The ambiguous grammar $G_1 = (S \to E,\ E \to a,\ E \to E+E)$ allows two distinct leftmost derivations of `a+a+a`:

**Derivation 1** (left-associative, $(a+a)+a$):

$S \Rightarrow E \Rightarrow E+E \Rightarrow E+E+E \Rightarrow a+E+E \Rightarrow a+a+E \Rightarrow a+a+a$

Here the left $E$ in $E+E$ is expanded first as $E+E$, yielding $(E+E)+E$.

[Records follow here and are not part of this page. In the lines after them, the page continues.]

(* Let $x$ be a non-negative random variable for which there exist constants $\alpha>0$ and $k>0$ such that $\log(\alpha)/k\ge1$ and $\Pr[x\le\epsilon]\le\alpha\epsilon^k$ for all $\epsilon>0$. Then \[ \mathbb E[\max(1,\log(1/x))]\le\frac{1+\log\alpha}{k}. \]
   Context: $\log$ denotes the natural logarithm. *)

theory Defs
  imports "HOL-Probability.Probability"
begin

end

theory Submission
  imports Defs "HOL-Real_Asymp.Real_Asymp"
begin

text \<open>
  Write \<open>L = ln (1 / X)\<close>. By the layer-cake formula,
  \<open>E[max 1 L] = 1 + \<integral>\<^sub>1\<^sup>\<infinity> Pr[L > t] dt\<close>, and \<open>L > t\<close> forces
  \<open>X \<le> exp (-t)\<close>, so \<open>Pr[L > t] \<le> min 1 (\<alpha> exp (-k t))\<close>. The two bounds cross
  at \<open>t\<^sub>0 = ln \<alpha> / k \<ge> 1\<close>; integrating \<open>1\<close> on \<open>(1, t\<^sub>0)\<close> and
  \<open>\<alpha> exp (-k t)\<close> on \<open>[t\<^sub>0, \<infinity>)\<close> gives \<open>t\<^sub>0 - 1 + 1 / k\<close>.
\<close>

lemma ennreal_max_eq_add_emeasure_interval:
  fixes c y :: real
  assumes "0 \<le> c"
  shows "ennreal (max c y) = c + emeasure lborel {c<..<y}"
proof (cases "y \<le> c")
  case False
  then show ?thesis using assms ennreal_plus[of c "y - c"] by simp
qed (simp add: max_def)

lemma nn_integral_max_eq_tail_integral:
  fixes Y :: "'a \<Rightarrow> real"
  assumes "sigma_finite_measure M" and [measurable]: "Y \<in> borel_measurable M" and "0 \<le> c"
  shows "(\<integral>\<^sup>+\<omega>. ennreal (max c (Y \<omega>)) \<partial>M)
    = c * emeasure M (space M) + (\<integral>\<^sup>+t\<in>{c<..}. emeasure M {\<omega>\<in>space M. t < Y \<omega>} \<partial>lborel)"
proof -
  interpret pair_sigma_finite M lborel
    by (simp add: pair_sigma_finite_def assms(1) lborel.sigma_finite_measure_axioms)
  define G where "G \<omega> t = (indicator {c<..<Y \<omega>} t :: ennreal)" for \<omega> t
  have G_measurable: "case_prod G \<in> borel_measurable (M \<Otimes>\<^sub>M lborel)"
    unfolding G_def indicator_def greaterThanLessThan_iff by measurable
  have G_fibre: "(\<integral>\<^sup>+\<omega>. G \<omega> t \<partial>M) = emeasure M {\<omega>\<in>space M. t < Y \<omega>} * indicator {c<..} t" for t
  proof -
    have "(\<integral>\<^sup>+\<omega>. G \<omega> t \<partial>M) = (\<integral>\<^sup>+\<omega>. indicator {\<omega>\<in>space M. t < Y \<omega>} \<omega> * indicator {c<..} t \<partial>M)"
      by (intro nn_integral_cong) (auto simp: G_def indicator_def)
    then show ?thesis by (simp add: nn_integral_multc)
  qed
  have "(\<integral>\<^sup>+\<omega>. ennreal (max c (Y \<omega>)) \<partial>M) = (\<integral>\<^sup>+\<omega>. c + (\<integral>\<^sup>+t. G \<omega> t \<partial>lborel) \<partial>M)"
    using assms(3) by (simp add: G_def ennreal_max_eq_add_emeasure_interval)
  also have "\<dots> = c * emeasure M (space M) + (\<integral>\<^sup>+\<omega>. (\<integral>\<^sup>+t. G \<omega> t \<partial>lborel) \<partial>M)"
    using lborel.borel_measurable_nn_integral_fst[OF G_measurable]
    by (subst nn_integral_add) auto
  also have "(\<integral>\<^sup>+\<omega>. (\<integral>\<^sup>+t. G \<omega> t \<partial>lborel) \<partial>M) = (\<integral>\<^sup>+t. (\<integral>\<^sup>+\<omega>. G \<omega> t \<partial>M) \<partial>lborel)"
    using Fubini'[OF G_measurable] by simp
  finally show ?thesis by (simp add: G_fibre)
qed

lemma (in prob_space) emeasure_ln_inverse_gt_le:
  fixes X :: "'a \<Rightarrow> real"
  assumes [measurable]: "X \<in> borel_measurable M" and "\<forall>\<omega>\<in>space M. X \<omega> \<ge> 0"
    and small_ball: "\<forall>\<epsilon>>0. prob {\<omega>\<in>space M. X \<omega> \<le> \<epsilon>} \<le> \<alpha> * \<epsilon> powr k"
    and "0 \<le> t"
  shows "emeasure M {\<omega>\<in>space M. t < ln (1 / X \<omega>)} \<le> ennreal (\<alpha> * exp (- k * t))"
proof -
  text \<open>Since \<open>ln (1 / 0) = 0 \<le> t\<close>, the event excludes \<open>X = 0\<close>.\<close>
  have "{\<omega>\<in>space M. t < ln (1 / X \<omega>)} \<subseteq> {\<omega>\<in>space M. X \<omega> \<le> exp (- t)}"
  proof safe
    fix \<omega> assume \<omega>: "\<omega> \<in> space M" and lt: "t < ln (1 / X \<omega>)"
    have "X \<omega> \<noteq> 0" using lt \<open>0 \<le> t\<close> by auto
    then have "X \<omega> > 0" using assms(2) \<omega> by force
    then have "exp t < 1 / X \<omega>" using lt by (metis exp_less_cancel_iff exp_ln zero_less_divide_1_iff)
    then show "X \<omega> \<le> exp (- t)" using \<open>X \<omega> > 0\<close> by (simp add: exp_minus field_simps)
  qed
  then have "emeasure M {\<omega>\<in>space M. t < ln (1 / X \<omega>)} \<le> prob {\<omega>\<in>space M. X \<omega> \<le> exp (- t)}"
    by (subst emeasure_eq_measure[symmetric], intro emeasure_mono) measurable
  also have "\<dots> \<le> ennreal (\<alpha> * exp (- t) powr k)"
    using small_ball by (intro ennreal_leI) auto
  finally show ?thesis by (simp add: powr_def)
qed

lemma nn_integral_exp_decay_atLeast:
  fixes \<alpha> k b :: real
  assumes "0 \<le> \<alpha>" and "0 < k"
  shows "(\<integral>\<^sup>+t. ennreal (\<alpha> * exp (- k * t)) * indicator {b..} t \<partial>lborel) = ennreal (\<alpha> * exp (- k * b) / k)"
proof -
  have "(\<integral>\<^sup>+t. ennreal (\<alpha> * exp (- k * t)) * indicator {b..} t \<partial>lborel)
      = ennreal (0 - (- (\<alpha> / k) * exp (- k * b)))"
  proof (rule nn_integral_FTC_atLeast)
    show "((\<lambda>t. - (\<alpha> / k) * exp (- k * t)) has_real_derivative \<alpha> * exp (- k * t)) (at t)" for t
      using assms by (auto intro!: derivative_eq_intros simp: field_simps)
    show "((\<lambda>t. - (\<alpha> / k) * exp (- k * t)) \<longlongrightarrow> 0) at_top"
      using assms by real_asymp
  qed (use assms in auto)
  then show ?thesis by simp
qed

lemma set_nn_integral_min_exp_decay_le:
  fixes g :: "real \<Rightarrow> ennreal" and \<alpha> k a b :: real
  assumes "0 \<le> \<alpha>" and "0 < k" and "a \<le> b"
    and "\<And>t. a < t \<Longrightarrow> g t \<le> 1"
    and "\<And>t. b \<le> t \<Longrightarrow> g t \<le> ennreal (\<alpha> * exp (- k * t))"
  shows "(\<integral>\<^sup>+t\<in>{a<..}. g t \<partial>lborel) \<le> ennreal (b - a + \<alpha> * exp (- k * b) / k)"
proof -
  have "(\<integral>\<^sup>+t\<in>{a<..}. g t \<partial>lborel)
      \<le> (\<integral>\<^sup>+t. indicator {a<..<b} t + ennreal (\<alpha> * exp (- k * t)) * indicator {b..} t \<partial>lborel)"
    using assms(3-5) by (intro nn_integral_mono) (auto simp: indicator_def)
  also have "\<dots> = ennreal (b - a) + ennreal (\<alpha> * exp (- k * b) / k)"
    using assms nn_integral_exp_decay_atLeast[OF assms(1,2), of b] by (subst nn_integral_add) auto
  also have "\<dots> = ennreal (b - a + \<alpha> * exp (- k * b) / k)"
    using assms by (simp add: ennreal_plus)
  finally show ?thesis .
qed

theorem mainTheorem9:
  fixes M :: "'a measure" and X :: "'a \<Rightarrow> real" and \<alpha> k :: real
  assumes "prob_space M"
    and "X \<in> borel_measurable M"
    and "\<forall>\<omega>\<in>space M. X \<omega> \<ge> 0"
    and "\<alpha> > 0" and "k > 0" and "ln \<alpha> / k \<ge> 1"
    and "\<forall>\<epsilon>>0. measure M {\<omega>\<in>space M. X \<omega> \<le> \<epsilon>} \<le> \<alpha> * \<epsilon> powr k"
  shows "(\<integral>\<^sup>+ \<omega>. ennreal (max 1 (ln (1 / X \<omega>))) \<partial>M) \<le> ennreal ((1 + ln \<alpha>) / k)"
proof -
  interpret prob_space M by (rule assms(1))
  define t\<^sub>0 where "t\<^sub>0 = ln \<alpha> / k"
  have "1 \<le> t\<^sub>0" using assms(6) by (simp add: t\<^sub>0_def)
  have crossing: "\<alpha> * exp (- k * t\<^sub>0) = 1"
    using assms(4,5) by (simp add: t\<^sub>0_def exp_minus)
  have "(\<integral>\<^sup>+ \<omega>. ennreal (max 1 (ln (1 / X \<omega>))) \<partial>M)
      = 1 + (\<integral>\<^sup>+t\<in>{1<..}. emeasure M {\<omega>\<in>space M. t < ln (1 / X \<omega>)} \<partial>lborel)"
    using assms(2) by (subst nn_integral_max_eq_tail_integral)
      (auto simp: sigma_finite_measure_axioms emeasure_space_1)
  also have "\<dots> \<le> 1 + ennreal (t\<^sub>0 - 1 + \<alpha> * exp (- k * t\<^sub>0) / k)"
    using assms(2-7) \<open>1 \<le> t\<^sub>0\<close> by (intro add_left_mono set_nn_integral_min_exp_decay_le emeasure_ln_inverse_gt_le)
      (auto simp: emeasure_le_1)
  also have "\<dots> = ennreal (1 + (t\<^sub>0 - 1 + 1 / k))"
    unfolding crossing using \<open>1 \<le> t\<^sub>0\<close> assms(5) by (subst ennreal_plus) auto
  also have "\<dots> = ennreal ((1 + ln \<alpha>) / k)"
    by (simp add: t\<^sub>0_def add_divide_distrib add.commute)
  finally show ?thesis .
qed

end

**Derivation 2** (right-associative, $a+(a+a)$):

$S \Rightarrow E \Rightarrow E+E \Rightarrow a+E \Rightarrow a+E+E \Rightarrow a+a+E \Rightarrow a+a+a$

Here the left $E$ in $E+E$ is expanded as $a$, and the right $E$ is then expanded as $E+E$, yielding $E+(E+E)$.

---

## Q2: All Trees with Earley’s Parser \[6 points\]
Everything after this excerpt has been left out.